Nesse esforço extra demandado pela pandemia, os comunicadores de empresa também se lançaram de modo mais incisivo e estruturado no combate à desinformação. De um modo geral, as áreas de comunicação corporativa das organizações grandes, médias e até das pequenas alinharam a marca e suas lideranças para o diálogo rápido e efetivo com os públicos internos e externos, com objetivo de zelar pela saúde dos empregados, manter empregos e permanecer no jogo.

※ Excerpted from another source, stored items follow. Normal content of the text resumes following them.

lemma dot_on_add_left: "dot_on K (x + y) z = dot_on K x z + dot_on K y z"
  by (simp add: dot_on_def sum.distrib algebra_simps)
lemma dot_on_add_right: "dot_on K z (x + y) = dot_on K z x + dot_on K z y"
  by (simp add: dot_on_def sum.distrib algebra_simps)
lemma dot_on_diff_left: "dot_on K (x - y) z = dot_on K x z - dot_on K y z"
  by (simp add: dot_on_def sum_subtractf algebra_simps)
lemma dot_on_diff_right: "dot_on K z (x - y) = dot_on K z x - dot_on K z y"
  by (simp add: dot_on_def sum_subtractf algebra_simps)
lemma dot_on_scale_left: "dot_on K (fscale c x) z = c * dot_on K x z"
  by (simp add: dot_on_def fscale_def sum_distrib_left algebra_simps)
lemma dot_on_scale_right: "dot_on K z (fscale c x) = c * dot_on K z x"
  by (simp add: dot_on_def fscale_def sum_distrib_left algebra_simps)
lemma dot_on_commute: "dot_on K x y = dot_on K y x"
  by (simp add: dot_on_def algebra_simps)

lemma dot_on_self_eq_0:
  assumes "finite K" "dot_on K x x = 0" "\<forall>i. i \<notin> K \<longrightarrow> x i = 0"
  shows "x = 0"
proof -
  have "\<forall>i\<in>K. x i * x i = 0"
    using assms(2) unfolding dot_on_def
    by (subst sum_nonneg_eq_0_iff[symmetric]) (auto simp: assms(1))
  then show ?thesis using assms(3) by (auto simp: fun_eq_iff)
qed

lemma span_vanishing_outside:
  assumes "\<forall>b\<in>B. \<forall>i. i \<notin> K \<longrightarrow> b i = 0" "y \<in> fvs.span B"
  shows "\<forall>i. i \<notin> K \<longrightarrow> y i = 0"
proof -
  have "fvs.subspace {y. \<forall>i. i \<notin> K \<longrightarrow> y i = (0::rat)}"
    by (auto simp: fvs.subspace_def fscale_def)
  then show ?thesis using fvs.span_minimal[of B "{y. \<forall>i. i \<notin> K \<longrightarrow> y i = (0::rat)}"] assms by auto
qed

lemma riesz_representation_insert:
  assumes add: "\<forall>y\<in>fvs.span (insert b B). \<forall>z\<in>fvs.span (insert b B). h (y + z) = h y + h z"
    and scale: "\<forall>c. \<forall>y\<in>fvs.span (insert b B). h (fscale c y) = c * h y"
    and c': "c' \<in> fvs.span B" "\<forall>y\<in>fvs.span B. h y = dot_on K c' y"
    and r: "r \<in> fvs.span (insert b B)" "\<forall>y\<in>fvs.span B. dot_on K r y = 0"
    and rb: "dot_on K r b = dot_on K r r" "dot_on K r r \<noteq> 0"
  shows "\<exists>c\<in>fvs.span (insert b B). \<forall>y\<in>fvs.span (insert b B). h y = dot_on K c y"
proof -
  have sub: "fvs.span B \<subseteq> fvs.span (insert b B)" by (simp add: fvs.span_mono subset_insertI)
  have bin: "b \<in> fvs.span (insert b B)" by (simp add: fvs.span_base)
  define t where "t = (h b - dot_on K c' b) / dot_on K r r"
  define c where "c = c' + fscale t r"
  have cin: "c \<in> fvs.span (insert b B)" unfolding c_def
    using c'(1) sub r(1) by (simp add: fvs.span_add fvs.span_scale subsetD)
  have "h y = dot_on K c y" if y: "y \<in> fvs.span (insert b B)" for y
  proof -
    obtain k where k: "y - fscale k b \<in> fvs.span B" using y fvs.span_breakdown_eq by blast
    define y' where "y' = y - fscale k b"
    have yy: "y = y' + fscale k b" by (simp add: y'_def)
    have y'in: "y' \<in> fvs.span (insert b B)" using k sub by (auto simp: y'_def)
    have kbin: "fscale k b \<in> fvs.span (insert b B)" using bin by (simp add: fvs.span_scale)
    have "h y = h y' + h (fscale k b)"
      using add y'in kbin yy by blast
    also have "h (fscale k b) = k * h b" using scale bin by blast
    finally have "h y = h y' + k * h b" .
    moreover have "dot_on K c y =
        dot_on K c' y' + k * dot_on K c' b + t * dot_on K r y' + t * k * dot_on K r b"
      by (simp add: c_def yy dot_on_add_left dot_on_add_right dot_on_scale_left dot_on_scale_right
          algebra_simps)
    moreover have "dot_on K r y' = 0" using r(2) k by (simp add: y'_def)
    moreover have "h y' = dot_on K c' y'" using c'(2) k by (simp add: y'_def)
    moreover have "t * dot_on K r b = h b - dot_on K c' b" using rb by (simp add: t_def)
    ultimately show ?thesis by (simp add: algebra_simps)
  qed
  then show ?thesis using cin by blast
qed

lemma riesz_representation_span:
  fixes B :: "('i \<Rightarrow> rat) set"
  assumes "finite B" "finite K" "\<forall>b\<in>B. \<forall>i. i \<notin> K \<longrightarrow> b i = 0"
    and "\<forall>y\<in>fvs.span B. \<forall>z\<in>fvs.span B. h (y + z) = h y + h z"
    and "\<forall>c. \<forall>y\<in>fvs.span B. h (fscale c y) = c * h y"
  shows "\<exists>c\<in>fvs.span B. \<forall>y\<in>fvs.span B. h y = dot_on K c y"
  using assms(1,3-5)
proof (induction B arbitrary: h rule: finite_induct)
  case empty
  then show ?case by (auto intro!: bexI[of _ 0] simp: dot_on_def)
next
  case (insert b B h)
  have sub: "fvs.span B \<subseteq> fvs.span (insert b B)" by (simp add: fvs.span_mono subset_insertI)
  obtain c' where c': "c' \<in> fvs.span B" "\<forall>y\<in>fvs.span B. h y = dot_on K c' y"
    using insert.IH[of h] insert.prems sub by blast
  obtain b' where b': "b' \<in> fvs.span B" "\<forall>y\<in>fvs.span B. dot_on K b y = dot_on K b' y"
  proof -
    have "\<exists>c\<in>fvs.span B. \<forall>y\<in>fvs.span B. dot_on K b y = dot_on K c y"
      by (rule insert.IH) (use insert.prems dot_on_add_right dot_on_scale_right in blast)+
    then show ?thesis using that by (metis dot_on_commute)
  qed
  \<comment> \<open>Gram--Schmidt: \<open>r\<close> is the component of \<open>b\<close> orthogonal to \<open>span B\<close>\<close>
  define r where "r = b - b'"
  have rin: "r \<in> fvs.span (insert b B)" unfolding r_def
    using b'(1) sub by (simp add: fvs.span_diff fvs.span_base subsetD)
  have rorth: "\<forall>y\<in>fvs.span B. dot_on K r y = 0"
    using b'(2) by (simp add: r_def dot_on_diff_left)
  have rb: "dot_on K r b = dot_on K r r"
    using rorth b'(1) by (simp add: r_def dot_on_diff_right)
  show ?case
  proof (cases "dot_on K r r = 0")
    case True
    have "\<forall>i. i \<notin> K \<longrightarrow> r i = 0"
      using span_vanishing_outside[of "insert b B" K r] rin insert.prems by auto
    then have "r = 0" using dot_on_self_eq_0[OF assms(2) True] by simp
    then have "b \<in> fvs.span B" using b'(1) by (simp add: r_def)
    then have "fvs.span (insert b B) = fvs.span B" by (simp add: fvs.span_redundant)
    then show ?thesis using c' by auto
  next
    case False
    show ?thesis
      using riesz_representation_insert[OF insert.prems(2,3) c' rin rorth rb False] .
  qed
qed

lemma list_update_append_middle:
  "a < length u \<Longrightarrow> (x @ u @ y)[length x + a := v] = x @ u[a := v] @ y"
  by (simp add: list_update_append)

Contudo, ainda há muito para evoluir entre as diversas disciplinas da comunicação corporativa. Se a comunicação interna, as relações comunitárias, a produção de conteúdo proprietário e as relações com a mídia avançaram muito nos últimos tempos e em especial durante a pandemia, o mesmo não se pode dizer das Relações Institucionais e Governamentais (RIGs). Essas áreas, tradicionalmente associadas à ideia de lobby, ainda enfrentam desafios embora venham dando claros sinais de estarem enveredando para uma trilha mais segura e democrática, baseando suas ações em princípios inegociáveis de transparência e integridade e com isso obtendo mais eficiência e resultados para o negócio. A busca dessa nova trilha se insere no contexto do debate dos modelos internacionais de ética e integridade nas relações dos setores público e privado, inclusive, na OCDE – Organização para o Desenvolvimento Econômico, certamente foi reforçada, no Brasil com os desdobramentos das investigações da Lava Jato. Durante a pandemia, ganhou contornos irretroagíves e condições para que as RIGs evoluam.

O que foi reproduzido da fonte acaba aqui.